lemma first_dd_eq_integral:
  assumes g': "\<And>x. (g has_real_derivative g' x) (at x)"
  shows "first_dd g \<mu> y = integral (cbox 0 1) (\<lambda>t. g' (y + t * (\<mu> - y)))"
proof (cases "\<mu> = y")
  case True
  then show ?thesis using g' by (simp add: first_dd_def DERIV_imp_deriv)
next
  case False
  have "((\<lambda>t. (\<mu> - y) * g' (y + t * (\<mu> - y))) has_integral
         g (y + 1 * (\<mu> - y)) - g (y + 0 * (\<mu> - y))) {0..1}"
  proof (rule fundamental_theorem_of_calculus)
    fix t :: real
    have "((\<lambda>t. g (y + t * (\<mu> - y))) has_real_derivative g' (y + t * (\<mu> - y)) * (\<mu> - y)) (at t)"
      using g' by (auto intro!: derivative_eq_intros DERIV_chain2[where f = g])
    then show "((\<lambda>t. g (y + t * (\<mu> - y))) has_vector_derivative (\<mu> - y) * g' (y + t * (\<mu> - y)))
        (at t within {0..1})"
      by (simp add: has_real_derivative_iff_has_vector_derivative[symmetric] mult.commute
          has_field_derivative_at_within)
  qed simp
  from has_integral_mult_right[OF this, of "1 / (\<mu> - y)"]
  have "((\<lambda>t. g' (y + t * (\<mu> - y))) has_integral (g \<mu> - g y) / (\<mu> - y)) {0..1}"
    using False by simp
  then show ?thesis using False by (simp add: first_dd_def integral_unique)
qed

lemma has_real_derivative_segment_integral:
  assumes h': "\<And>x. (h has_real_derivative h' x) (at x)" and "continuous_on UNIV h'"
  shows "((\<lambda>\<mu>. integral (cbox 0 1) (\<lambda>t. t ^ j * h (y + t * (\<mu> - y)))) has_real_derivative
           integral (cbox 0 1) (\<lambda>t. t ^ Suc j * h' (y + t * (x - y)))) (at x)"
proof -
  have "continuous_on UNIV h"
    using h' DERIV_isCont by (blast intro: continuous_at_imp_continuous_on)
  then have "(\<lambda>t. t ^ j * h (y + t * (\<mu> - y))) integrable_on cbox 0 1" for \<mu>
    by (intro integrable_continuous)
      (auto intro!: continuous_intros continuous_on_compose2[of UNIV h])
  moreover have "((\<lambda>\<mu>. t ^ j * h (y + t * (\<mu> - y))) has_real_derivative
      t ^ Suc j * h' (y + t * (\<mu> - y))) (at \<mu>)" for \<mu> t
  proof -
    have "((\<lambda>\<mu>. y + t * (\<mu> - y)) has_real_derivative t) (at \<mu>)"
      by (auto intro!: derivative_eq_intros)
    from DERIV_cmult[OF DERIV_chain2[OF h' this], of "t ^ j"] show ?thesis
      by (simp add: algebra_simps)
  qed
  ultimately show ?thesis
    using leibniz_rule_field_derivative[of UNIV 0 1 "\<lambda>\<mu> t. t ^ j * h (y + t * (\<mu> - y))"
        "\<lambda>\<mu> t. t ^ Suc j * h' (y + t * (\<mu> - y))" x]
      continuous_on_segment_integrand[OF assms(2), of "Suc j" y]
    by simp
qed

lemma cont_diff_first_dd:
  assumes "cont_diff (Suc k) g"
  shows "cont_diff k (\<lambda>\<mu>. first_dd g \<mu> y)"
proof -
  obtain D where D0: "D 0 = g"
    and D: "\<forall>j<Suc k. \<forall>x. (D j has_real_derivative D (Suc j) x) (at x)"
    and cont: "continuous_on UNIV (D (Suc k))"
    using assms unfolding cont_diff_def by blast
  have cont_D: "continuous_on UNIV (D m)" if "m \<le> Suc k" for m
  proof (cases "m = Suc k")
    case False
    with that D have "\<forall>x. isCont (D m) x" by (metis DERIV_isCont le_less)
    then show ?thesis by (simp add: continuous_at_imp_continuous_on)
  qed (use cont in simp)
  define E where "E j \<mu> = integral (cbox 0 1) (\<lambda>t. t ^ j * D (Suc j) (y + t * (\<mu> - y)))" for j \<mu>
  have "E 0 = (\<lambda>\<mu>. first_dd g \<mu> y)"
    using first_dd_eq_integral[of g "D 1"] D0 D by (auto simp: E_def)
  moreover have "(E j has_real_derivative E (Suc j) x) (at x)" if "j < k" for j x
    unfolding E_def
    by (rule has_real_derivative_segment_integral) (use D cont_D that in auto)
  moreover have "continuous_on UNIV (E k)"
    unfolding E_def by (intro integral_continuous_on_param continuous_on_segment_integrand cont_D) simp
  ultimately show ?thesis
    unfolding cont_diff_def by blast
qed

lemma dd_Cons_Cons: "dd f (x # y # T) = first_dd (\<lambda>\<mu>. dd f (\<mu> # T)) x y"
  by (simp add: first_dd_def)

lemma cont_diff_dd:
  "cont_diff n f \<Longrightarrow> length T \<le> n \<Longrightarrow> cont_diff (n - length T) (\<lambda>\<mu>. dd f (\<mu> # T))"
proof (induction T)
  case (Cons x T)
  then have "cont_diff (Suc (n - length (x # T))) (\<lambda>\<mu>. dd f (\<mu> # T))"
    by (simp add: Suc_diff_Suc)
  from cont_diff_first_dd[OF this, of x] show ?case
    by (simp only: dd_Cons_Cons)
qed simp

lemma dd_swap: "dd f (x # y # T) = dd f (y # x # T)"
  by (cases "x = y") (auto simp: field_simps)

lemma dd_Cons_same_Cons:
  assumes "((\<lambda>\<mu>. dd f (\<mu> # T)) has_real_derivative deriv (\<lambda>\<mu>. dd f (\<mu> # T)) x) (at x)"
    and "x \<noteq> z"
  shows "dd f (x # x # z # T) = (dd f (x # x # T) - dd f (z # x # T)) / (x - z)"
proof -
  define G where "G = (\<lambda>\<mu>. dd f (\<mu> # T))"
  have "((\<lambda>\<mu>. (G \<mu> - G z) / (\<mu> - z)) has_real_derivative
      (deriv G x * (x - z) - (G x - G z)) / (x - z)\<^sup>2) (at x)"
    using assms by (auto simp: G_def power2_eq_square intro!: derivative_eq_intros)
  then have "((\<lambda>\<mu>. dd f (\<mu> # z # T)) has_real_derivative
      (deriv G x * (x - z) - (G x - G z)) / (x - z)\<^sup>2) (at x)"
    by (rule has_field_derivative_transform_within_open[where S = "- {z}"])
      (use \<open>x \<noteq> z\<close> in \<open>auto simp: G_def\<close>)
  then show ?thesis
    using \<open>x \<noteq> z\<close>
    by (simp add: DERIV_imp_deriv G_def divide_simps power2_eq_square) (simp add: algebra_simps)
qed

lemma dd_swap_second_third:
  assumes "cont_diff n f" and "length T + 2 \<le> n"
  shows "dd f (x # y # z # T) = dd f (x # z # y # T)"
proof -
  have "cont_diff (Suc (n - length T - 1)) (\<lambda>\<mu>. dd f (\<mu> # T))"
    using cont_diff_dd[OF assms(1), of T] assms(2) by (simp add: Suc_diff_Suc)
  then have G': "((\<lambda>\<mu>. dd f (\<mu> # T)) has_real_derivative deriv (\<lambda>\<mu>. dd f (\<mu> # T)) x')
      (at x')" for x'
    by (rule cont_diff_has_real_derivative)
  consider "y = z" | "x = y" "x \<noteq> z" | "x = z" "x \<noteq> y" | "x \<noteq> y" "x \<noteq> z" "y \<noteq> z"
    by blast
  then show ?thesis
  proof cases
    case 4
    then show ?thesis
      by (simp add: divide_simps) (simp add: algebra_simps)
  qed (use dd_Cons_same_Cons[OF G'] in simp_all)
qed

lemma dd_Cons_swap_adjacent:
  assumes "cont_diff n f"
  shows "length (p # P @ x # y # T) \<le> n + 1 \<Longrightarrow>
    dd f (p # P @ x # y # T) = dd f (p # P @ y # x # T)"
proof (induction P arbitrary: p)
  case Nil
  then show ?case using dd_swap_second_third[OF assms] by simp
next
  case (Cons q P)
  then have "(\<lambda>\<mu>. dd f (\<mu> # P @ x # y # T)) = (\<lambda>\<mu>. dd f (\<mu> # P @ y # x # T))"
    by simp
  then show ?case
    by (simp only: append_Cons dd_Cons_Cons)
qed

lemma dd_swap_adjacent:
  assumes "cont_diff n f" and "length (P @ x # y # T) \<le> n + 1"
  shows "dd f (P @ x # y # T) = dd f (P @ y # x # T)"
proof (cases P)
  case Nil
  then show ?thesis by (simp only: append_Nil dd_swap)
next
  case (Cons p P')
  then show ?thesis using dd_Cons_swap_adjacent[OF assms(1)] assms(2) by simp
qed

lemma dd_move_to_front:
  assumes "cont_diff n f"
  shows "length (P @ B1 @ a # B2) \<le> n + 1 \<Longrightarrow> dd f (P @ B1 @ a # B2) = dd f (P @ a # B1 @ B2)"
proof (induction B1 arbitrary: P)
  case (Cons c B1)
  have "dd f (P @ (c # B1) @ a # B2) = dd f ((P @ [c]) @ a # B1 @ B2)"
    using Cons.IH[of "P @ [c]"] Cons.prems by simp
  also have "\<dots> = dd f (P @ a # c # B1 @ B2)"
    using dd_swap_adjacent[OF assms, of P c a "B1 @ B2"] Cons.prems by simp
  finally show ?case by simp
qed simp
+ + + +
Produce a word-for-word copy of everything above from the line holding "using g' by (auto" down to the line holding "- y)))) has_real_derivative", with both of those lines kept.

▶ The answer:
      using g' by (auto intro!: derivative_eq_intros DERIV_chain2[where f = g])
    then show "((\<lambda>t. g (y + t * (\<mu> - y))) has_vector_derivative (\<mu> - y) * g' (y + t * (\<mu> - y)))
        (at t within {0..1})"
      by (simp add: has_real_derivative_iff_has_vector_derivative[symmetric] mult.commute
          has_field_derivative_at_within)
  qed simp
  from has_integral_mult_right[OF this, of "1 / (\<mu> - y)"]
  have "((\<lambda>t. g' (y + t * (\<mu> - y))) has_integral (g \<mu> - g y) / (\<mu> - y)) {0..1}"
    using False by simp
  then show ?thesis using False by (simp add: first_dd_def integral_unique)
qed

lemma has_real_derivative_segment_integral:
  assumes h': "\<And>x. (h has_real_derivative h' x) (at x)" and "continuous_on UNIV h'"
  shows "((\<lambda>\<mu>. integral (cbox 0 1) (\<lambda>t. t ^ j * h (y + t * (\<mu> - y)))) has_real_derivative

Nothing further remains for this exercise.